### Collected data entries
———
lemma (in prob_space) sq_loss_minimizer_eq_expectation:
  fixes Y :: "'a \<Rightarrow> 'b::euclidean_space"
  assumes Y[measurable]: "Y \<in> borel_measurable M"
    and finite: "(\<integral>\<^sup>+\<omega>. ennreal ((norm (c - Y \<omega>))\<^sup>2) \<partial>M) < \<infinity>"
    and minimal: "\<And>d. (\<integral>\<^sup>+\<omega>. ennreal ((norm (c - Y \<omega>))\<^sup>2) \<partial>M)
                   \<le> (\<integral>\<^sup>+\<omega>. ennreal ((norm (d - Y \<omega>))\<^sup>2) \<partial>M)"
  shows "integrable M Y" and "c = expectation Y"
proof -
  have sq: "integrable M (\<lambda>\<omega>. (norm (c - Y \<omega>))\<^sup>2)"
    using finite by (intro integrableI_nonneg) auto
  then have "integrable M (\<lambda>\<omega>. norm (c - Y \<omega>))"
    by (rule square_integrable_imp_integrable[rotated]) measurable
  then have cY: "integrable M (\<lambda>\<omega>. c - Y \<omega>)"
    by (simp add: integrable_norm_iff)
  then show iY: "integrable M Y"
    using Bochner_Integration.integrable_diff[OF integrable_const[of c] cY] by simp
  define m where "m = expectation Y"
  have expand: "(norm (m - Y \<omega>))\<^sup>2 = (norm (m - c))\<^sup>2 + 2 * ((m - c) \<bullet> (c - Y \<omega>)) + (norm (c - Y \<omega>))\<^sup>2"
    for \<omega>
    by (simp add: power2_norm_eq_inner inner_diff_left inner_diff_right inner_commute algebra_simps)
  have lin: "integrable M (\<lambda>\<omega>. 2 * ((m - c) \<bullet> (c - Y \<omega>)))"
    using cY by (intro integrable_mult_right integrable_inner_right)
  have sq_m: "integrable M (\<lambda>\<omega>. (norm (m - Y \<omega>))\<^sup>2)"
    unfolding expand by (intro Bochner_Integration.integrable_add integrable_const lin sq)
  have "(\<integral>\<omega>. c - Y \<omega> \<partial>M) = c - m"
    using iY by (simp add: Bochner_Integration.integral_diff prob_space m_def)
  then have "(\<integral>\<omega>. 2 * ((m - c) \<bullet> (c - Y \<omega>)) \<partial>M) = - 2 * (norm (m - c))\<^sup>2"
    using cY by (simp add: power2_norm_eq_inner inner_minus_right[symmetric] del: inner_minus_right)
  then have loss_m: "(\<integral>\<omega>. (norm (m - Y \<omega>))\<^sup>2 \<partial>M) = (\<integral>\<omega>. (norm (c - Y \<omega>))\<^sup>2 \<partial>M) - (norm (m - c))\<^sup>2"
    unfolding expand using lin sq by (simp add: prob_space)
  have "(\<integral>\<omega>. (norm (c - Y \<omega>))\<^sup>2 \<partial>M) \<le> (\<integral>\<omega>. (norm (m - Y \<omega>))\<^sup>2 \<partial>M)"
    using minimal[of m]
    by (simp add: nn_integral_eq_integral[OF sq] nn_integral_eq_integral[OF sq_m] ennreal_le_iff)
  then show "c = expectation Y"
    unfolding loss_m by (simp add: m_def)
qed

lemma integral_uniform_measure_interval:
  fixes Y :: "real \<Rightarrow> 'a::euclidean_space"
  assumes ab: "a < b" and Y: "integrable (uniform_measure lborel {a..b}) Y"
  shows "Y absolutely_integrable_on {a..b}"
    and "integral {a..b} Y = (b - a) *\<^sub>R (\<integral>r. Y r \<partial>uniform_measure lborel {a..b})"
proof -
  have "1 / ennreal (b - a) = ennreal (1 / (b - a))"
    using ab by (metis divide_ennreal ennreal_1 zero_le_one diff_gt_0_iff_gt)
  then have density: "uniform_measure lborel {a..b} = density lborel (\<lambda>r. ennreal (indicator {a..b} r / (b - a)))"
    unfolding uniform_measure_def using ab by (intro density_cong) (auto simp: indicator_def)
  have "sets (uniform_measure lborel {a..b}) = sets lborel"
    by simp
  then have [measurable]: "Y \<in> borel_measurable lborel"
    using borel_measurable_integrable[OF Y] unfolding measurable_cong_sets[OF _ refl] by simp
  have nonneg: "AE r in lborel. 0 \<le> indicator {a..b} r / (b - a)"
    using ab by simp
  have "integrable lborel (\<lambda>r. (indicator {a..b} r / (b - a)) *\<^sub>R Y r)"
    using Y unfolding density by (subst (asm) integrable_density[OF _ _ nonneg]) simp_all
  then have "integrable lborel (\<lambda>r. (b - a) *\<^sub>R ((indicator {a..b} r / (b - a)) *\<^sub>R Y r))"
    by (rule integrable_scaleR_right)
  then have lborel: "set_integrable lborel {a..b} Y"
    using ab by (simp add: set_integrable_def)
  then show "Y absolutely_integrable_on {a..b}"
    by (simp add: set_integrable_def integrable_completion)
  have "(\<integral>r. Y r \<partial>uniform_measure lborel {a..b}) = (\<integral>r. (1 / (b - a)) *\<^sub>R (indicator {a..b} r *\<^sub>R Y r) \<partial>lborel)"
    unfolding density by (subst integral_density[OF _ _ nonneg]) simp_all
  also have "\<dots> = (1 / (b - a)) *\<^sub>R (LINT r:{a..b}|lborel. Y r)"
    unfolding set_lebesgue_integral_def by (rule integral_scaleR_right)
  also have "\<dots> = (1 / (b - a)) *\<^sub>R integral {a..b} Y"
    by (simp add: set_borel_integral_eq_integral(2)[OF lborel])
  finally show "integral {a..b} Y = (b - a) *\<^sub>R (\<integral>r. Y r \<partial>uniform_measure lborel {a..b})"
    using ab by simp
qed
———
The answer must be a word-for-word reproduction of every record above.

### Solved problem
lemma (in prob_space) sq_loss_minimizer_eq_expectation:
  fixes Y :: "'a \<Rightarrow> 'b::euclidean_space"
  assumes Y[measurable]: "Y \<in> borel_measurable M"
    and finite: "(\<integral>\<^sup>+\<omega>. ennreal ((norm (c - Y \<omega>))\<^sup>2) \<partial>M) < \<infinity>"
    and minimal: "\<And>d. (\<integral>\<^sup>+\<omega>. ennreal ((norm (c - Y \<omega>))\<^sup>2) \<partial>M)
                   \<le> (\<integral>\<^sup>+\<omega>. ennreal ((norm (d - Y \<omega>))\<^sup>2) \<partial>M)"
  shows "integrable M Y" and "c = expectation Y"
proof -
  have sq: "integrable M (\<lambda>\<omega>. (norm (c - Y \<omega>))\<^sup>2)"
    using finite by (intro integrableI_nonneg) auto
  then have "integrable M (\<lambda>\<omega>. norm (c - Y \<omega>))"
    by (rule square_integrable_imp_integrable[rotated]) measurable
  then have cY: "integrable M (\<lambda>\<omega>. c - Y \<omega>)"
    by (simp add: integrable_norm_iff)
  then show iY: "integrable M Y"
    using Bochner_Integration.integrable_diff[OF integrable_const[of c] cY] by simp
  define m where "m = expectation Y"
  have expand: "(norm (m - Y \<omega>))\<^sup>2 = (norm (m - c))\<^sup>2 + 2 * ((m - c) \<bullet> (c - Y \<omega>)) + (norm (c - Y \<omega>))\<^sup>2"
    for \<omega>
    by (simp add: power2_norm_eq_inner inner_diff_left inner_diff_right inner_commute algebra_simps)
  have lin: "integrable M (\<lambda>\<omega>. 2 * ((m - c) \<bullet> (c - Y \<omega>)))"
    using cY by (intro integrable_mult_right integrable_inner_right)
  have sq_m: "integrable M (\<lambda>\<omega>. (norm (m - Y \<omega>))\<^sup>2)"
    unfolding expand by (intro Bochner_Integration.integrable_add integrable_const lin sq)
  have "(\<integral>\<omega>. c - Y \<omega> \<partial>M) = c - m"
    using iY by (simp add: Bochner_Integration.integral_diff prob_space m_def)
  then have "(\<integral>\<omega>. 2 * ((m - c) \<bullet> (c - Y \<omega>)) \<partial>M) = - 2 * (norm (m - c))\<^sup>2"
    using cY by (simp add: power2_norm_eq_inner inner_minus_right[symmetric] del: inner_minus_right)
  then have loss_m: "(\<integral>\<omega>. (norm (m - Y \<omega>))\<^sup>2 \<partial>M) = (\<integral>\<omega>. (norm (c - Y \<omega>))\<^sup>2 \<partial>M) - (norm (m - c))\<^sup>2"
    unfolding expand using lin sq by (simp add: prob_space)
  have "(\<integral>\<omega>. (norm (c - Y \<omega>))\<^sup>2 \<partial>M) \<le> (\<integral>\<omega>. (norm (m - Y \<omega>))\<^sup>2 \<partial>M)"
    using minimal[of m]
    by (simp add: nn_integral_eq_integral[OF sq] nn_integral_eq_integral[OF sq_m] ennreal_le_iff)
  then show "c = expectation Y"
    unfolding loss_m by (simp add: m_def)
qed

lemma integral_uniform_measure_interval:
  fixes Y :: "real \<Rightarrow> 'a::euclidean_space"
  assumes ab: "a < b" and Y: "integrable (uniform_measure lborel {a..b}) Y"
  shows "Y absolutely_integrable_on {a..b}"
    and "integral {a..b} Y = (b - a) *\<^sub>R (\<integral>r. Y r \<partial>uniform_measure lborel {a..b})"
proof -
  have "1 / ennreal (b - a) = ennreal (1 / (b - a))"
    using ab by (metis divide_ennreal ennreal_1 zero_le_one diff_gt_0_iff_gt)
  then have density: "uniform_measure lborel {a..b} = density lborel (\<lambda>r. ennreal (indicator {a..b} r / (b - a)))"
    unfolding uniform_measure_def using ab by (intro density_cong) (auto simp: indicator_def)
  have "sets (uniform_measure lborel {a..b}) = sets lborel"
    by simp
  then have [measurable]: "Y \<in> borel_measurable lborel"
    using borel_measurable_integrable[OF Y] unfolding measurable_cong_sets[OF _ refl] by simp
  have nonneg: "AE r in lborel. 0 \<le> indicator {a..b} r / (b - a)"
    using ab by simp
  have "integrable lborel (\<lambda>r. (indicator {a..b} r / (b - a)) *\<^sub>R Y r)"
    using Y unfolding density by (subst (asm) integrable_density[OF _ _ nonneg]) simp_all
  then have "integrable lborel (\<lambda>r. (b - a) *\<^sub>R ((indicator {a..b} r / (b - a)) *\<^sub>R Y r))"
    by (rule integrable_scaleR_right)
  then have lborel: "set_integrable lborel {a..b} Y"
    using ab by (simp add: set_integrable_def)
  then show "Y absolutely_integrable_on {a..b}"
    by (simp add: set_integrable_def integrable_completion)
  have "(\<integral>r. Y r \<partial>uniform_measure lborel {a..b}) = (\<integral>r. (1 / (b - a)) *\<^sub>R (indicator {a..b} r *\<^sub>R Y r) \<partial>lborel)"
    unfolding density by (subst integral_density[OF _ _ nonneg]) simp_all
  also have "\<dots> = (1 / (b - a)) *\<^sub>R (LINT r:{a..b}|lborel. Y r)"
    unfolding set_lebesgue_integral_def by (rule integral_scaleR_right)
  also have "\<dots> = (1 / (b - a)) *\<^sub>R integral {a..b} Y"
    by (simp add: set_borel_integral_eq_integral(2)[OF lborel])
  finally show "integral {a..b} Y = (b - a) *\<^sub>R (\<integral>r. Y r \<partial>uniform_measure lborel {a..b})"
    using ab by simp
qed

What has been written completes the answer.